### Aim of the task
Go to the line below containing "Strong convexity gives" and print exactly from there through the line containing "by (rule nonneg)", both included. Print nothing else.

*** Exercise data Section Begins ***

(* Let $G=(V,E)$ be a finite graph with no isolated vertices, with adjacency matrix $A$, degree matrix $D=\mathrm{diag}(d_u)$ and Laplacian $L=D-A$. Let $\boldsymbol\beta,\boldsymbol\gamma,\boldsymbol\lambda\in\mathbb R^V$ be such that $G$ has local $(\boldsymbol\beta,\boldsymbol\gamma,\boldsymbol\lambda)$-occupancy and for all $u\in V$: \[ \beta_u,\gamma_u,\lambda_u>0,\qquad d_u\frac{\gamma_u}{\beta_u}<1,\qquad \sum_{v\in N(u)}\frac{\gamma_v}{\beta_v}\le 1. \] Let $B=\mathrm{diag}(\boldsymbol\beta)$, $\Gamma=\mathrm{diag}(\boldsymbol\gamma)$ and $H=B+D\Gamma$. Then $B+A\Gamma$ is invertible, the vector $\mathbf y'=(B+A\Gamma)^{-1}\mathbf 1$ satisfies $\mathbf y'\ge\mathbf 0$ and $(B+A\Gamma)\mathbf y'\le\mathbf 1$ (i.e. it is feasible for the LP $\max\{\mathbf 1^{\mathsf T}\mathbf y:\ \mathbf y\ge\mathbf 0,\ (B+A\Gamma)\mathbf y\le\mathbf 1\}$), and moreover the spectral radius satisfies $\rho(L\Gamma H^{-1})<1$.
   Context: Given $\boldsymbol\beta,\boldsymbol\gamma,\boldsymbol\lambda\in[0,\infty)^V$, $G$ has local $(\boldsymbol\beta,\boldsymbol\gamma,\boldsymbol\lambda)$-occupancy if for each $u\in V$, $\beta_u\Pr_{G,\boldsymbol\lambda}(u\in X)+\gamma_u\sum_{v\in N_G(u)}\Pr_{G,\boldsymbol\lambda}(v\in X)\ge1$, where $X$ is drawn from the hard-core model $\Pr_{G,\boldsymbol\lambda}(I)\propto\prod_{v\in I}\lambda_v$ on independent sets $I$ of $G$. Vector inequalities are entrywise; $\rho(T)$ is the maximum absolute value of an eigenvalue of $T$. *)

theory Defs
  imports "HOL-Analysis.Analysis"
begin

definition simple_graph :: "('v::finite \<Rightarrow> 'v \<Rightarrow> bool) \<Rightarrow> bool" where
  "simple_graph E \<longleftrightarrow> (\<forall>u v. E u v \<longrightarrow> E v u) \<and> (\<forall>u. \<not> E u u)"

definition nbhd :: "('v \<Rightarrow> 'v \<Rightarrow> bool) \<Rightarrow> 'v \<Rightarrow> 'v set" where
  "nbhd E u = {v. E u v}"

definition degree :: "('v \<Rightarrow> 'v \<Rightarrow> bool) \<Rightarrow> 'v \<Rightarrow> nat" where
  "degree E u = card (nbhd E u)"

definition independent :: "('v \<Rightarrow> 'v \<Rightarrow> bool) \<Rightarrow> 'v set \<Rightarrow> bool" where
  "independent E I \<longleftrightarrow> (\<forall>u\<in>I. \<forall>v\<in>I. \<not> E u v)"

definition hc_weight :: "('v \<Rightarrow> real) \<Rightarrow> 'v set \<Rightarrow> real" where
  "hc_weight lam I = (\<Prod>v\<in>I. lam v)"

definition hc_Z :: "('v::finite \<Rightarrow> 'v \<Rightarrow> bool) \<Rightarrow> ('v \<Rightarrow> real) \<Rightarrow> real" where
  "hc_Z E lam = (\<Sum>I\<in>{I. independent E I}. hc_weight lam I)"

definition hc_prob :: "('v::finite \<Rightarrow> 'v \<Rightarrow> bool) \<Rightarrow> ('v \<Rightarrow> real) \<Rightarrow> 'v \<Rightarrow> real" where
  "hc_prob E lam u = (\<Sum>I\<in>{I. independent E I \<and> u \<in> I}. hc_weight lam I) / hc_Z E lam"

definition local_occupancy ::
  "('v::finite \<Rightarrow> 'v \<Rightarrow> bool) \<Rightarrow> ('v \<Rightarrow> real) \<Rightarrow> ('v \<Rightarrow> real) \<Rightarrow> ('v \<Rightarrow> real) \<Rightarrow> bool" where
  "local_occupancy E beta gamma lam \<longleftrightarrow>
     (\<forall>u. beta u * hc_prob E lam u + gamma u * (\<Sum>v\<in>nbhd E u. hc_prob E lam v) \<ge> 1)"

definition adj_mat :: "('v::finite \<Rightarrow> 'v \<Rightarrow> bool) \<Rightarrow> real^'v^'v" where
  "adj_mat E = (\<chi> i j. if E i j then 1 else 0)"

definition diag_mat :: "('v::finite \<Rightarrow> real) \<Rightarrow> real^'v^'v" where
  "diag_mat f = (\<chi> i j. if i = j then f i else 0)"

definition deg_mat :: "('v::finite \<Rightarrow> 'v \<Rightarrow> bool) \<Rightarrow> real^'v^'v" where
  "deg_mat E = diag_mat (\<lambda>u. real (degree E u))"

definition laplacian :: "('v::finite \<Rightarrow> 'v \<Rightarrow> bool) \<Rightarrow> real^'v^'v" where
  "laplacian E = deg_mat E - adj_mat E"

definition cmat :: "real^'n^'m \<Rightarrow> complex^'n^'m" where
  "cmat T = (\<chi> i j. complex_of_real (T$i$j))"

definition spec_radius :: "real^'n::finite^'n \<Rightarrow> real" where
  "spec_radius T = Max {cmod z | z. det (mat z - cmat T) = 0}"

end

theory Submission
  imports Defs "HOL-Computational_Algebra.Fundamental_Theorem_Algebra"
begin

(* Write c v = gamma v / beta v.  Invertibility of M = B + A Gamma and nonnegativity of
   M^-1 1 both rest on one double-counting argument: if e >= 0 satisfies
   e u <= (SUM v in N(u). c v * e v) for all u, summing over u gives
   (SUM v. (1 - d v * c v) * e v) <= 0, so e = 0 because d v * c v < 1.
   For a kernel vector x take e = beta * |x|.  For the solution y, z = beta * y solves
   z u + (SUM v in N(u). c v * z v) = 1; as (SUM v in N(u). c v) <= 1, clamping z to [0,1]
   changes it by such an e, so z already lies in [0,1].
   Every eigenvalue of L Gamma H^-1 is bounded in modulus by an absolute column sum of the
   matrix, and the column of v sums to 2 d v gamma v / (beta v + d v gamma v) < 1. *)

definition charpoly :: "'a::comm_ring_1^'n^'n \<Rightarrow> 'a poly" where
  "charpoly C = det (mat [:0, 1:] - (\<chi> i j. [:C$i$j:]))"

lemma poly_charpoly: "poly (charpoly C) z = det (mat z - C)"
proof -
  have "poly ((mat [:0, 1:] - (\<chi> i j. [:C$i$j:]))$i$j) z = (mat z - C)$i$j" for i j
    by (simp add: mat_def)
  then show ?thesis
    unfolding charpoly_def det_def by (simp add: poly_sum poly_prod of_int_poly)
qed

lemma degree_charpoly: "Polynomial.degree (charpoly (C::'a::idom^'n^'n)) = CARD('n)"
proof -
  define Q where "Q = mat [:0, 1:] - (\<chi> i j. [:C$i$j:])"
  define t where "t p = of_int (sign p) * (\<Prod>i\<in>UNIV. Q$i$p i)" for p :: "'n \<Rightarrow> 'n"
  define S where "S = {p. p permutes (UNIV :: 'n set)} - {id}"
  \<comment> \<open>Only the identity permutation contributes a term of full degree.\<close>
  have split: "charpoly C = t id + sum t S"
    unfolding charpoly_def det_def Q_def[symmetric] t_def S_def
    by (subst sum.remove[of _ id]) (auto simp: finite_permutations permutes_id)
  have Q_diag: "Q$i$i = [:- C$i$i, 1:]" for i
    by (simp add: Q_def mat_def)
  have t_id: "Polynomial.degree (t id) = CARD('n)"
    by (simp add: t_def sign_id Q_diag degree_prod_eq_sum_degree)
  have "Polynomial.degree (t p) < CARD('n)" if "p \<in> S" for p
  proof -
    from that obtain i where i: "p i \<noteq> i" by (auto simp: S_def fun_eq_iff)
    have "Polynomial.degree (t p) \<le> (\<Sum>j\<in>UNIV. Polynomial.degree (Q$j$p j))"
      using degree_mult_le[of "of_int (sign p)" "\<Prod>j\<in>UNIV. Q$j$p j"]
        degree_prod_sum_le[of UNIV "\<lambda>j. Q$j$p j"]
      by (simp add: t_def of_int_poly o_def)
    also have "\<dots> = (\<Sum>j\<in>UNIV - {i}. Polynomial.degree (Q$j$p j))"
      using i by (subst sum.remove[of _ i]) (auto simp: Q_def mat_def)
    also have "\<dots> \<le> (\<Sum>j\<in>UNIV - {i}. 1)"
      by (intro sum_mono) (auto simp: Q_def mat_def)
    also have "\<dots> < CARD('n)"
      by (simp add: card_Diff_singleton)
    finally show ?thesis .
  qed
  then have "Polynomial.degree (sum t S) < CARD('n)"
    by (intro degree_sum_less) (auto simp: S_def)
  then show ?thesis
    unfolding split using t_id by (subst degree_add_eq_left) auto
qed

lemma finite_eigenvalues: "finite {z. det (mat z - (C::'a::idom^'n^'n)) = 0}"
proof -
  have "charpoly C \<noteq> 0"
    using degree_charpoly[of C] by (metis degree_0 zero_less_card_finite less_irrefl)
  then show ?thesis
    using poly_roots_finite[of "charpoly C"] by (simp add: poly_charpoly)
qed

lemma eigenvalue_exists: "\<exists>z. det (mat z - (C::complex^'n^'n)) = 0"
proof -
  have "\<not> constant (poly (charpoly C))"
    using degree_charpoly[of C] by (simp add: constant_degree)
  then show ?thesis
    using fundamental_theorem_of_algebra by (fastforce simp: poly_charpoly)
qed

lemma spec_radius_less_iff:
  "spec_radius T < r \<longleftrightarrow> (\<forall>z. det (mat z - cmat T) = 0 \<longrightarrow> cmod z < r)"
proof -
  have "{cmod z | z. det (mat z - cmat T) = 0} = cmod ` {z. det (mat z - cmat T) = 0}"
    by auto
  then show ?thesis
    using finite_eigenvalues[of "cmat T"] eigenvalue_exists[of "cmat T"]
    unfolding spec_radius_def by auto
qed
(* Let $f(x)=\mathbb{E}[F(x,\omega)]$ be $\tau$-strongly convex with minimizer $x^*$. Suppose: for every $\omega$, $F(\cdot,\omega)$ is convex and $C^1$, and $f$ is $C^1$ with $L$-Lipschitz gradient; with $\bar w_{k,N_k}\triangleq\nabla f(x_k)-\frac1{N_k}\sum_{j=1}^{N_k}\nabla_xF(x_k,\omega_{j,k})$ there are $\nu_1,\nu_2>0$ such that $\mathbb{E}[\|\bar w_{k,N_k}\|^2\mid\mathcal{F}_k]\le\frac{\nu_1^2\|x_k\|^2+\nu_2^2}{N_k}$ and $\mathbb{E}[\bar w_{k,N_k}\mid\mathcal{F}_k]=0$ a.s. for all $k\ge0$; each $H_k$ is $\mathcal{F}_k$-measurable, symmetric positive definite with $\underline\lambda\mathbf{I}\preceq H_k\preceq\overline\lambda\mathbf{I}$ a.s. for constants $0<\underline\lambda\le\overline\lambda$. Let $x_{k+1}=x_k-\gamma_kH_k\frac1{N_k}\sum_{j=1}^{N_k}\nabla_xF(x_k,\omega_{j,k})$ with $\gamma_k=\frac{1}{L\overline\lambda}$ for all $k\ge0$, where $\{N_k\}_{k\ge0}$ is an increasing sequence of positive integers with $\sum_{k=0}^\infty\frac1{N_k}<\infty$ and $N_0>\frac{2\nu_1^2\overline\lambda}{\tau^2\underline\lambda}$. Then $\lim_{k\to\infty}f(x_k)=f(x^* )$ almost surely.
   Context: $(\Omega,\mathcal{F},\mathbb{P})$ is a probability space and $F(x,\omega)$ abbreviates $F(x,\xi(\omega))$ for a random vector $\xi$; $\omega_{1,k},\dots,\omega_{N_k,k}$ are the samples at iteration $k$, $x_0$ is given, and $\mathcal{F}_k\triangleq\sigma\{x_0,\dots,x_{k-1}\}$. *)

theory Defs
  imports "HOL-Probability.Probability"
begin

definition strongly_convex_on :: "real \<Rightarrow> 'a::real_normed_vector set \<Rightarrow> ('a \<Rightarrow> real) \<Rightarrow> bool" where
  "strongly_convex_on \<tau> S f \<longleftrightarrow>
     (\<forall>x\<in>S. \<forall>y\<in>S. \<forall>t\<in>{0..1::real}.
        f ((1 - t) *\<^sub>R x + t *\<^sub>R y)
          \<le> (1 - t) * f x + t * f y - \<tau> / 2 * t * (1 - t) * (norm (x - y))\<^sup>2)"

definition history :: "'w measure \<Rightarrow> (nat \<Rightarrow> 'w \<Rightarrow> 'a::topological_space) \<Rightarrow> nat \<Rightarrow> 'w measure" where
  "history M X k = sigma (space M) (\<Union>i\<in>{..k}. {X i -` A \<inter> space M | A. A \<in> sets borel})"

end

theory Submission
  imports Defs
begin

text \<open>With the constant step \<open>1 / (L * lamup)\<close>, the descent lemma and the symmetry of \<open>H k\<close> make
  the cross terms between \<open>gradf (x k)\<close> and the sampling error \<open>w k\<close> cancel, so pathwise
  \<open>f (x (k+1)) + lamlo / (2 L lamup) * |gradf (x k)|\<^sup>2 \<le> f (x k) + |w k|\<^sup>2 / (2 L)\<close>.
  Strong convexity gives the Polyak-Lojasiewicz bound \<open>f x - f xstar \<le> 4 / \<tau> * |gradf x|\<^sup>2\<close> and
  \<open>|x|\<^sup>2 \<le> 8 / \<tau> * (f x - f xstar) + 2 |xstar|\<^sup>2\<close>; with the conditional variance bound, the
  expected gaps \<open>e k\<close> therefore satisfy \<open>e (k+1) + c e k \<le> e k + (A e k + B) / N k\<close>.
  As \<open>1 / N k\<close> is summable, eventually \<open>A / N k \<le> c / 2\<close>, which makes \<open>\<Sum>k. e k\<close> finite.
  By monotone convergence the gaps are then almost surely summable, hence tend to zero.\<close>

lemma inner_matrix_vector_mult_symmetric:
  fixes H :: "real^'n^'n"
  assumes "transpose H = H"
  shows "u \<bullet> (H *v w) = (H *v u) \<bullet> w"
  by (metis assms dot_lmul_matrix vector_transpose_matrix)

lemma norm_matrix_vector_mult_sq_le:
  fixes H :: "real^'n^'n"
  assumes sym: "transpose H = H" and nonneg: "\<And>u. 0 \<le> u \<bullet> (H *v u)"
    and upper: "\<And>u. u \<bullet> (H *v u) \<le> \<Lambda> * (norm u)\<^sup>2" and "\<Lambda> > 0"
  shows "(norm (H *v v))\<^sup>2 \<le> \<Lambda> * (v \<bullet> (H *v v))"
proof -
  define z where "z = H *v v"
  define t where "t = 1 / \<Lambda>"
  have zHv: "v \<bullet> (H *v z) = z \<bullet> z"
    using inner_matrix_vector_mult_symmetric[OF sym, of v z] by (simp add: z_def)
  have "0 \<le> (v - t *\<^sub>R z) \<bullet> (H *v (v - t *\<^sub>R z))" by (rule nonneg)
  also have "\<dots> = v \<bullet> (H *v v) - 2 * t * (z \<bullet> z) + t\<^sup>2 * (z \<bullet> (H *v z))"
    using zHv by (simp add: matrix_vector_mult_diff_distrib inner_diff_left inner_diff_right
        matrix_vector_mult_scaleR algebra_simps power2_eq_square z_def)
  also have "t\<^sup>2 * (z \<bullet> (H *v z)) \<le> t\<^sup>2 * (\<Lambda> * (norm z)\<^sup>2)"
    by (intro mult_left_mono upper) simp
  also have "\<dots> = t * (z \<bullet> z)"
    using \<open>\<Lambda> > 0\<close> by (simp add: t_def power2_norm_eq_inner power2_eq_square[of "1 / \<Lambda>"])
  finally have "z \<bullet> z / \<Lambda> \<le> v \<bullet> (H *v v)" by (simp add: t_def)
  with \<open>\<Lambda> > 0\<close> show ?thesis by (simp add: z_def power2_norm_eq_inner divide_le_eq mult.commute)
qed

*** Exercise data Section Ends ***

### Solution to the exercise
  Strong convexity gives the Polyak-Lojasiewicz bound \<open>f x - f xstar \<le> 4 / \<tau> * |gradf x|\<^sup>2\<close> and
  \<open>|x|\<^sup>2 \<le> 8 / \<tau> * (f x - f xstar) + 2 |xstar|\<^sup>2\<close>; with the conditional variance bound, the
  expected gaps \<open>e k\<close> therefore satisfy \<open>e (k+1) + c e k \<le> e k + (A e k + B) / N k\<close>.
  As \<open>1 / N k\<close> is summable, eventually \<open>A / N k \<le> c / 2\<close>, which makes \<open>\<Sum>k. e k\<close> finite.
  By monotone convergence the gaps are then almost surely summable, hence tend to zero.\<close>

lemma inner_matrix_vector_mult_symmetric:
  fixes H :: "real^'n^'n"
  assumes "transpose H = H"
  shows "u \<bullet> (H *v w) = (H *v u) \<bullet> w"
  by (metis assms dot_lmul_matrix vector_transpose_matrix)

lemma norm_matrix_vector_mult_sq_le:
  fixes H :: "real^'n^'n"
  assumes sym: "transpose H = H" and nonneg: "\<And>u. 0 \<le> u \<bullet> (H *v u)"
    and upper: "\<And>u. u \<bullet> (H *v u) \<le> \<Lambda> * (norm u)\<^sup>2" and "\<Lambda> > 0"
  shows "(norm (H *v v))\<^sup>2 \<le> \<Lambda> * (v \<bullet> (H *v v))"
proof -
  define z where "z = H *v v"
  define t where "t = 1 / \<Lambda>"
  have zHv: "v \<bullet> (H *v z) = z \<bullet> z"
    using inner_matrix_vector_mult_symmetric[OF sym, of v z] by (simp add: z_def)
  have "0 \<le> (v - t *\<^sub>R z) \<bullet> (H *v (v - t *\<^sub>R z))" by (rule nonneg)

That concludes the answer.